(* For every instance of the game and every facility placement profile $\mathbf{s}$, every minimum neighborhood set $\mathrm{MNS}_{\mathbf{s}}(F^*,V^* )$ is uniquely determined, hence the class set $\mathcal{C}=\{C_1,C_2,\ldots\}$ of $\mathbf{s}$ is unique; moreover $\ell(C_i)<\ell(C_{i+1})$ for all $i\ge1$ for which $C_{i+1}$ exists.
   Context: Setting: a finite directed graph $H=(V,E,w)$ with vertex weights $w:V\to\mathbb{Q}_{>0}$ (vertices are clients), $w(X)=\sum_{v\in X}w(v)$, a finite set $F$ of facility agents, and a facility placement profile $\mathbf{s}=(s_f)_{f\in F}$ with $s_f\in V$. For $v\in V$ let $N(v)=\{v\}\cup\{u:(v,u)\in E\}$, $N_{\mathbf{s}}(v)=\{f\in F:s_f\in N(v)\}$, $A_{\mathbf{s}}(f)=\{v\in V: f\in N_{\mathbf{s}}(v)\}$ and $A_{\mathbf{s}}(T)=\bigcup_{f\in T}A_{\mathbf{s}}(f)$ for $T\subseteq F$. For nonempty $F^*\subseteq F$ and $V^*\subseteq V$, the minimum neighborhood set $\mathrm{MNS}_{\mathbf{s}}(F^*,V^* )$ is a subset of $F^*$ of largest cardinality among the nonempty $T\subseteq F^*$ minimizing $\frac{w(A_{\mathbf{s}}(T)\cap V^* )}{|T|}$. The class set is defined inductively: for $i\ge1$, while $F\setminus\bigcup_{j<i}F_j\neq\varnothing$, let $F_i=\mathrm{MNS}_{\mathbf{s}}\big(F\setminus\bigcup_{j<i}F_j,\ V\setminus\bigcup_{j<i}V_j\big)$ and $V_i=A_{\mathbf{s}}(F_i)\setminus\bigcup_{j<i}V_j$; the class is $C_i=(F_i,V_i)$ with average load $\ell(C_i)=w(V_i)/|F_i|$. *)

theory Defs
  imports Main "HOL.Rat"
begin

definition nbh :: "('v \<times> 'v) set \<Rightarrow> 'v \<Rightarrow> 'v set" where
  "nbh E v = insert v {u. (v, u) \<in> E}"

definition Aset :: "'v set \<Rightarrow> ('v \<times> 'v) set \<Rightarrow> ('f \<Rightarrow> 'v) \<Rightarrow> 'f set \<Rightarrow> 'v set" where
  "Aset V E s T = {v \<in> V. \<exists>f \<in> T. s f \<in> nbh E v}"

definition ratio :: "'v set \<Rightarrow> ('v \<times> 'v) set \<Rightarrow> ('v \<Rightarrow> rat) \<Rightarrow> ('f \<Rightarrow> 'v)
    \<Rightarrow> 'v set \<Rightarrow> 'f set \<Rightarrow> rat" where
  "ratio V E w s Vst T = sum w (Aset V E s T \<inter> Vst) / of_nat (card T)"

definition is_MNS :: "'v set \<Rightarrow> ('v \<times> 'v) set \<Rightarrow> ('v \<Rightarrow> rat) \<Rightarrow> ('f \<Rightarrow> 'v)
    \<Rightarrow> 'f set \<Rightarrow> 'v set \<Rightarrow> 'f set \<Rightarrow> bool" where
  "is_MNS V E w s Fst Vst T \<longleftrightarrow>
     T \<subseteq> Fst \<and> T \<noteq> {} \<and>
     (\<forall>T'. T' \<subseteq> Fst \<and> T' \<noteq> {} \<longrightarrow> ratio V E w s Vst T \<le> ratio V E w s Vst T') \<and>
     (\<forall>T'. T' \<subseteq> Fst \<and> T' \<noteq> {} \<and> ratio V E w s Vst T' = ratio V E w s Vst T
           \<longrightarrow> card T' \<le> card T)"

--

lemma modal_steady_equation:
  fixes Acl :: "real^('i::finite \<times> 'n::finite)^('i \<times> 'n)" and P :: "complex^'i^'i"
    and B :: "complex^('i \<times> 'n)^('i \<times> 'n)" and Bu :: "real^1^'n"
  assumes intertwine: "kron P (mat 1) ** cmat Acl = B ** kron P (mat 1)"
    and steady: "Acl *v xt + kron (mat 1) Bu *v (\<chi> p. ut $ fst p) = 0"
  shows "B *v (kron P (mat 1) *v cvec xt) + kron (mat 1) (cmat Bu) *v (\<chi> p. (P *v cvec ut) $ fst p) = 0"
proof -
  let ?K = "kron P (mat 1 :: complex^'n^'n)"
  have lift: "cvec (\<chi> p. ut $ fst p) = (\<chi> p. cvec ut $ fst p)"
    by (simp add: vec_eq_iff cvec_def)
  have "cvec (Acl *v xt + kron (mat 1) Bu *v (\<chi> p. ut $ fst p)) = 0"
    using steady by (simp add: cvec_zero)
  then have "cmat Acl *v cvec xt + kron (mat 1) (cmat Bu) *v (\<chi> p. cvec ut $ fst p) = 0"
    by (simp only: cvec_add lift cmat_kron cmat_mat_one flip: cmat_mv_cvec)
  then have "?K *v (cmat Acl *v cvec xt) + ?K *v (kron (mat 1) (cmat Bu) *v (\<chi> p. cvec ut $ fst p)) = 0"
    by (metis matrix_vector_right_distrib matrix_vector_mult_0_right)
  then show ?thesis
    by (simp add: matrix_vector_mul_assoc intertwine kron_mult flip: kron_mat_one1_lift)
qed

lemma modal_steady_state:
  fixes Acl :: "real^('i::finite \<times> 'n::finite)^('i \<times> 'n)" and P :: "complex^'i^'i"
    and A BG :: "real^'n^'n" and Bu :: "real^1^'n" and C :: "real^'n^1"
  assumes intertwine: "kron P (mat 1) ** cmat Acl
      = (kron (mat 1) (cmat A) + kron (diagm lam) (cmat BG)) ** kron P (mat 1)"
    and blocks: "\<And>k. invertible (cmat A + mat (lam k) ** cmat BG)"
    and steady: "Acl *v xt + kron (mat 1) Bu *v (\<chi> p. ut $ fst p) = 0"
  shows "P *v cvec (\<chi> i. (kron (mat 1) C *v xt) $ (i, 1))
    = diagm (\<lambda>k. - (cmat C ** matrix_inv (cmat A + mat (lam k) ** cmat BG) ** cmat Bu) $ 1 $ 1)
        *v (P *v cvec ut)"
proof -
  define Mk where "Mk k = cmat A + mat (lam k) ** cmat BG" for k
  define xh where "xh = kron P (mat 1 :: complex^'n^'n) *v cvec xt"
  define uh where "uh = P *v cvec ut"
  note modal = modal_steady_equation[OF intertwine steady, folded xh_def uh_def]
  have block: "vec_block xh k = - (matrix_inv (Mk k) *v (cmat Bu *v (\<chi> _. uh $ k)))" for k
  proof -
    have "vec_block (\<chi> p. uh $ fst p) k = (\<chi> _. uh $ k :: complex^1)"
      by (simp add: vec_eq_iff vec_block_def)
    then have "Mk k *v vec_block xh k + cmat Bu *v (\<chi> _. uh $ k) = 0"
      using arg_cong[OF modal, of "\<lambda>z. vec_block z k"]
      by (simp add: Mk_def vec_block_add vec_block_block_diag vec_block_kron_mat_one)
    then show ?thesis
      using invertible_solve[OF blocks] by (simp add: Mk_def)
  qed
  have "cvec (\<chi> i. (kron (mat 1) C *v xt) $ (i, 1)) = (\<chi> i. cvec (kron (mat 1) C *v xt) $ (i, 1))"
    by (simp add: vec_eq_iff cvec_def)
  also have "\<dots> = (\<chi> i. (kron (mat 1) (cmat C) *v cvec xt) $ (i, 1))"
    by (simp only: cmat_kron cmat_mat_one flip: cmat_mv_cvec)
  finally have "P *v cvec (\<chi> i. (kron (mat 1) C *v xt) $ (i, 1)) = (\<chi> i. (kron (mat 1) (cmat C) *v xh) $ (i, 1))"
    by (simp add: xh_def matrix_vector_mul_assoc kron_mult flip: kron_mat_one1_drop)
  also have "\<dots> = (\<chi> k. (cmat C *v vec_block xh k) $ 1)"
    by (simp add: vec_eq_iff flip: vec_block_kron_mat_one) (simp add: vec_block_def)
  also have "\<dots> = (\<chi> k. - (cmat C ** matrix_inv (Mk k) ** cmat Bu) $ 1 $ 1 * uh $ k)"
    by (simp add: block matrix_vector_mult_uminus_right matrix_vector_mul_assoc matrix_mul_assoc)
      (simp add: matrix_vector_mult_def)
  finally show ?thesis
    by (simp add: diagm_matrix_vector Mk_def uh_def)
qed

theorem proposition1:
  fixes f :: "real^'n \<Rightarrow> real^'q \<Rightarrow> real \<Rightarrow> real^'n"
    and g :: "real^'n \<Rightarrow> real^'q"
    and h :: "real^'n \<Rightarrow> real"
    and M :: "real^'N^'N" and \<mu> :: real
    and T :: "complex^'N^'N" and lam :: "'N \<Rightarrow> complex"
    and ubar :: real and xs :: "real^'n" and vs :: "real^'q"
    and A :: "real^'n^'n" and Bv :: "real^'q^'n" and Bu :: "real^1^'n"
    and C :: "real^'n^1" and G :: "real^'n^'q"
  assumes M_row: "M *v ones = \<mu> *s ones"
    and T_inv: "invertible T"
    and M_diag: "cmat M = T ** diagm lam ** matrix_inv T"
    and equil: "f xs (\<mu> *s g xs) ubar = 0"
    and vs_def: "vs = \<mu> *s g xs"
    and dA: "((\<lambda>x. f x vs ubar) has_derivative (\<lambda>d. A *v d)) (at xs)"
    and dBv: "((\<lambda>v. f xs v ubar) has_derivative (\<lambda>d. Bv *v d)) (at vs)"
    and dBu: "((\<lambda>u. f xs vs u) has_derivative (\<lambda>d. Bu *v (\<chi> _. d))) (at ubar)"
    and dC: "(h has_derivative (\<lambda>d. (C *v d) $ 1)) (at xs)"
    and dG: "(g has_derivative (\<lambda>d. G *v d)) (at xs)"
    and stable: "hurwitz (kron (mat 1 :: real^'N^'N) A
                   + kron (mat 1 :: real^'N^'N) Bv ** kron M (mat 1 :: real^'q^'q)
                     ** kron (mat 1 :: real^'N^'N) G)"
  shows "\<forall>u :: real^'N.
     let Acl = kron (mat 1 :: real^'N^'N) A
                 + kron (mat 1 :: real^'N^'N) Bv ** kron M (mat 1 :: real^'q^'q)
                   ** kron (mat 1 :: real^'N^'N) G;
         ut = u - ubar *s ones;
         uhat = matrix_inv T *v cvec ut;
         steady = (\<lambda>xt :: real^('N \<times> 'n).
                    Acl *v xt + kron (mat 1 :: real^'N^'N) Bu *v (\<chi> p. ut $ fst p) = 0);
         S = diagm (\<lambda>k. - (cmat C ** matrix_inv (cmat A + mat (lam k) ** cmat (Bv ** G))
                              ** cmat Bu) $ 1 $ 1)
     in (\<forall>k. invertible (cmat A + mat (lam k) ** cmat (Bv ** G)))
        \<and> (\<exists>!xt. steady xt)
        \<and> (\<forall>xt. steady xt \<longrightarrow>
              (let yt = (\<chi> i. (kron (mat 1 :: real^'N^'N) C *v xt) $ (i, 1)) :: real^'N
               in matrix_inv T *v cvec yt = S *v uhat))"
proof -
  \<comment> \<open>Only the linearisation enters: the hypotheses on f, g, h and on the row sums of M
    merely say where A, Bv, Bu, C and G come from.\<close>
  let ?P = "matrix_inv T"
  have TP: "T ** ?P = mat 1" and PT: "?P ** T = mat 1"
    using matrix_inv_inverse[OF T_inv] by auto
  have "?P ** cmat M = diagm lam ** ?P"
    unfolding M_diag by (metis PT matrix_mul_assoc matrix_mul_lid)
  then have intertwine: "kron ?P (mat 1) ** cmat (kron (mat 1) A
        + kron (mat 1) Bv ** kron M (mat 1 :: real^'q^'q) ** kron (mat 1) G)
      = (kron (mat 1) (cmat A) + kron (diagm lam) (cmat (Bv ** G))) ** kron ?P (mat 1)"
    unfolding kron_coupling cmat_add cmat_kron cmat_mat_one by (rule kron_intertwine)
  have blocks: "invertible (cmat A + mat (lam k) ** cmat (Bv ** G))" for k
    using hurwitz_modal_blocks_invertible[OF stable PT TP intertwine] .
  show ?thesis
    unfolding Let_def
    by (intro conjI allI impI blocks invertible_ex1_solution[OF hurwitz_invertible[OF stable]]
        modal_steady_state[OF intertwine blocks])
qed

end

[To do]: Within the data above, the lines from the one with "has_derivative (\<lambda>d. G" to the one with "row sums of M" must be repeated exactly; no other line belongs in the answer.

[Exercise result]:
    and dG: "(g has_derivative (\<lambda>d. G *v d)) (at xs)"
    and stable: "hurwitz (kron (mat 1 :: real^'N^'N) A
                   + kron (mat 1 :: real^'N^'N) Bv ** kron M (mat 1 :: real^'q^'q)
                     ** kron (mat 1 :: real^'N^'N) G)"
  shows "\<forall>u :: real^'N.
     let Acl = kron (mat 1 :: real^'N^'N) A
                 + kron (mat 1 :: real^'N^'N) Bv ** kron M (mat 1 :: real^'q^'q)
                   ** kron (mat 1 :: real^'N^'N) G;
         ut = u - ubar *s ones;
         uhat = matrix_inv T *v cvec ut;
         steady = (\<lambda>xt :: real^('N \<times> 'n).
                    Acl *v xt + kron (mat 1 :: real^'N^'N) Bu *v (\<chi> p. ut $ fst p) = 0);
         S = diagm (\<lambda>k. - (cmat C ** matrix_inv (cmat A + mat (lam k) ** cmat (Bv ** G))
                              ** cmat Bu) $ 1 $ 1)
     in (\<forall>k. invertible (cmat A + mat (lam k) ** cmat (Bv ** G)))
        \<and> (\<exists>!xt. steady xt)
        \<and> (\<forall>xt. steady xt \<longrightarrow>
              (let yt = (\<chi> i. (kron (mat 1 :: real^'N^'N) C *v xt) $ (i, 1)) :: real^'N
               in matrix_inv T *v cvec yt = S *v uhat))"
proof -
  \<comment> \<open>Only the linearisation enters: the hypotheses on f, g, h and on the row sums of M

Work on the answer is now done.